:: What you need to do ::
Which lines run from the start of the data below to the line containing "theory Defs"? Set them down exactly, with none added.

____ Given records

(* Let $R$ be a commutative ring with identity and $M$ a non-zero comultiplication $R$-module. Then $M$ is uniform if and only if $M$ is cocyclic.
   Context: An $R$-module $M$ is a comultiplication module if for every submodule $N$ of $M$ there is an ideal $I$ of $R$ with $N=\mathrm{Ann}_M(I)$. $M$ is uniform if any two non-zero submodules of $M$ have non-zero intersection. $\mathrm{Soc}(M)$ is the sum of all minimal submodules of $M$; $M$ is cocyclic if $\mathrm{Soc}(M)$ is a simple submodule of $M$ that is large in $M$ (a submodule $N$ is large if $N\cap L\neq0$ for every non-zero submodule $L$). *)

theory Defs
  imports "HOL-Algebra.Module" "HOL-Algebra.Ideal"
begin

definition annM :: "('a, 'c) ring_scheme \<Rightarrow> ('a, 'b, 'd) module_scheme \<Rightarrow> 'a set \<Rightarrow> 'b set" where
  "annM R M I = {x \<in> carrier M. \<forall>a\<in>I. a \<odot>\<^bsub>M\<^esub> x = \<zero>\<^bsub>M\<^esub>}"

definition comultiplication_module :: "('a, 'c) ring_scheme \<Rightarrow> ('a, 'b, 'd) module_scheme \<Rightarrow> bool" where
  "comultiplication_module R M \<longleftrightarrow>
     (\<forall>N. submodule N R M \<longrightarrow> (\<exists>I. ideal I R \<and> N = annM R M I))"

definition uniform_module :: "('a, 'c) ring_scheme \<Rightarrow> ('a, 'b, 'd) module_scheme \<Rightarrow> bool" where
  "uniform_module R M \<longleftrightarrow>
     (\<forall>N L. submodule N R M \<and> submodule L R M \<and> N \<noteq> {\<zero>\<^bsub>M\<^esub>} \<and> L \<noteq> {\<zero>\<^bsub>M\<^esub>}
        \<longrightarrow> N \<inter> L \<noteq> {\<zero>\<^bsub>M\<^esub>})"

definition minimal_submodule :: "('a, 'c) ring_scheme \<Rightarrow> ('a, 'b, 'd) module_scheme \<Rightarrow> 'b set \<Rightarrow> bool" where
  "minimal_submodule R M N \<longleftrightarrow>
     submodule N R M \<and> N \<noteq> {\<zero>\<^bsub>M\<^esub>} \<and>
     (\<forall>L. submodule L R M \<and> L \<subseteq> N \<longrightarrow> L = {\<zero>\<^bsub>M\<^esub>} \<or> L = N)"

text \<open>Socle: the sum of all minimal submodules, i.e. the smallest submodule containing
  all of them (equal to {0} if there are none).\<close>
definition socle :: "('a, 'c) ring_scheme \<Rightarrow> ('a, 'b, 'd) module_scheme \<Rightarrow> 'b set" where
  "socle R M = \<Inter>{L. submodule L R M \<and> (\<forall>N. minimal_submodule R M N \<longrightarrow> N \<subseteq> L)}"

definition large_submodule :: "('a, 'c) ring_scheme \<Rightarrow> ('a, 'b, 'd) module_scheme \<Rightarrow> 'b set \<Rightarrow> bool" where
  "large_submodule R M N \<longleftrightarrow>
     submodule N R M \<and>
     (\<forall>L. submodule L R M \<and> L \<noteq> {\<zero>\<^bsub>M\<^esub>} \<longrightarrow> N \<inter> L \<noteq> {\<zero>\<^bsub>M\<^esub>})"

definition cocyclic_module :: "('a, 'c) ring_scheme \<Rightarrow> ('a, 'b, 'd) module_scheme \<Rightarrow> bool" where
  "cocyclic_module R M \<longleftrightarrow>
     minimal_submodule R M (socle R M) \<and> large_submodule R M (socle R M)"

end

theory Submission
  imports Defs
begin

text \<open>In a comultiplication module every non-zero submodule contains a simple one: for
  \<open>x \<noteq> 0\<close> choose, by Zorn, a submodule \<open>K \<subseteq> Rx\<close> maximal with \<open>x \<notin> K\<close>, write
  \<open>K = Ann\<^sub>M(J)\<close> and pick \<open>j \<in> J\<close> with \<open>jx \<noteq> 0\<close>. Then \<open>R(jx)\<close> is simple: a non-zero
  \<open>z = j(rx)\<close> has \<open>rx \<notin> K\<close>, so \<open>x \<in> K + R(rx)\<close> by maximality, and applying \<open>j\<close>, which
  kills \<open>K\<close>, gives \<open>jx \<in> Rz\<close>. A uniform module has at most one simple submodule, which
  is then the socle and is large; conversely a large simple socle lies in every non-zero
  submodule, so any two of them meet.\<close>

definition cyclic_submodule :: "('a, 'c) ring_scheme \<Rightarrow> ('a, 'b, 'd) module_scheme \<Rightarrow> 'b \<Rightarrow> 'b set"
  where "cyclic_submodule R M x = {r \<odot>\<^bsub>M\<^esub> x | r. r \<in> carrier R}"

lemma socle_eq_unique_minimal:
  assumes S: "minimal_submodule R M S" and unique: "\<And>S'. minimal_submodule R M S' \<Longrightarrow> S' = S"
  shows "socle R M = S"
  unfolding socle_def
proof (rule antisym)
  have "submodule S R M" using S unfolding minimal_submodule_def by blast
  then show "\<Inter>{L. submodule L R M \<and> (\<forall>N. minimal_submodule R M N \<longrightarrow> N \<subseteq> L)} \<subseteq> S"
    using unique by (intro Inter_lower) blast
  show "S \<subseteq> \<Inter>{L. submodule L R M \<and> (\<forall>N. minimal_submodule R M N \<longrightarrow> N \<subseteq> L)}"
    using S by (intro Inter_greatest) blast
qed

context module
begin

lemma submodule_zero_closed: "submodule N R M \<Longrightarrow> \<zero>\<^bsub>M\<^esub> \<in> N"
  by (metis submodule_def subgroup.one_closed monoid.select_convs(2))

lemma zero_submodule: "submodule {\<zero>\<^bsub>M\<^esub>} R M"
  by (intro submoduleI) auto

lemma submodule_Int:
  assumes "submodule N R M" "submodule L R M"
  shows "submodule (N \<inter> L) R M"
  using submoduleE[OF assms(1)] submoduleE[OF assms(2)]
    submodule_zero_closed[OF assms(1)] submodule_zero_closed[OF assms(2)]
  by (intro submoduleI) auto

lemma submodule_Union_chain:
  assumes "C \<noteq> {}" and sub: "\<And>K. K \<in> C \<Longrightarrow> submodule K R M"
    and chain: "\<And>X Y. X \<in> C \<Longrightarrow> Y \<in> C \<Longrightarrow> X \<subseteq> Y \<or> Y \<subseteq> X"
  shows "submodule (\<Union>C) R M"
proof (intro submoduleI)
  show "\<Union>C \<subseteq> carrier M" using sub submoduleE(1) by blast
  show "\<zero>\<^bsub>M\<^esub> \<in> \<Union>C" using assms(1) sub submodule_zero_closed by blast
  show "\<ominus>\<^bsub>M\<^esub> a \<in> \<Union>C" if "a \<in> \<Union>C" for a
    using that sub submoduleE(3) by blast
  show "c \<odot>\<^bsub>M\<^esub> a \<in> \<Union>C" if "c \<in> carrier R" "a \<in> \<Union>C" for c a
    using that sub submoduleE(4) by blast
  show "a \<oplus>\<^bsub>M\<^esub> b \<in> \<Union>C" if ab: "a \<in> \<Union>C" "b \<in> \<Union>C" for a b
  proof -
    obtain X Y where "X \<in> C" "Y \<in> C" "a \<in> X" "b \<in> Y" using ab by auto
    then show ?thesis using chain[of X Y] sub submoduleE(5) by (metis UnionI subsetD)
  qed
qed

________

:: Solution to the exercise ::
(* Let $R$ be a commutative ring with identity and $M$ a non-zero comultiplication $R$-module. Then $M$ is uniform if and only if $M$ is cocyclic.
   Context: An $R$-module $M$ is a comultiplication module if for every submodule $N$ of $M$ there is an ideal $I$ of $R$ with $N=\mathrm{Ann}_M(I)$. $M$ is uniform if any two non-zero submodules of $M$ have non-zero intersection. $\mathrm{Soc}(M)$ is the sum of all minimal submodules of $M$; $M$ is cocyclic if $\mathrm{Soc}(M)$ is a simple submodule of $M$ that is large in $M$ (a submodule $N$ is large if $N\cap L\neq0$ for every non-zero submodule $L$). *)

theory Defs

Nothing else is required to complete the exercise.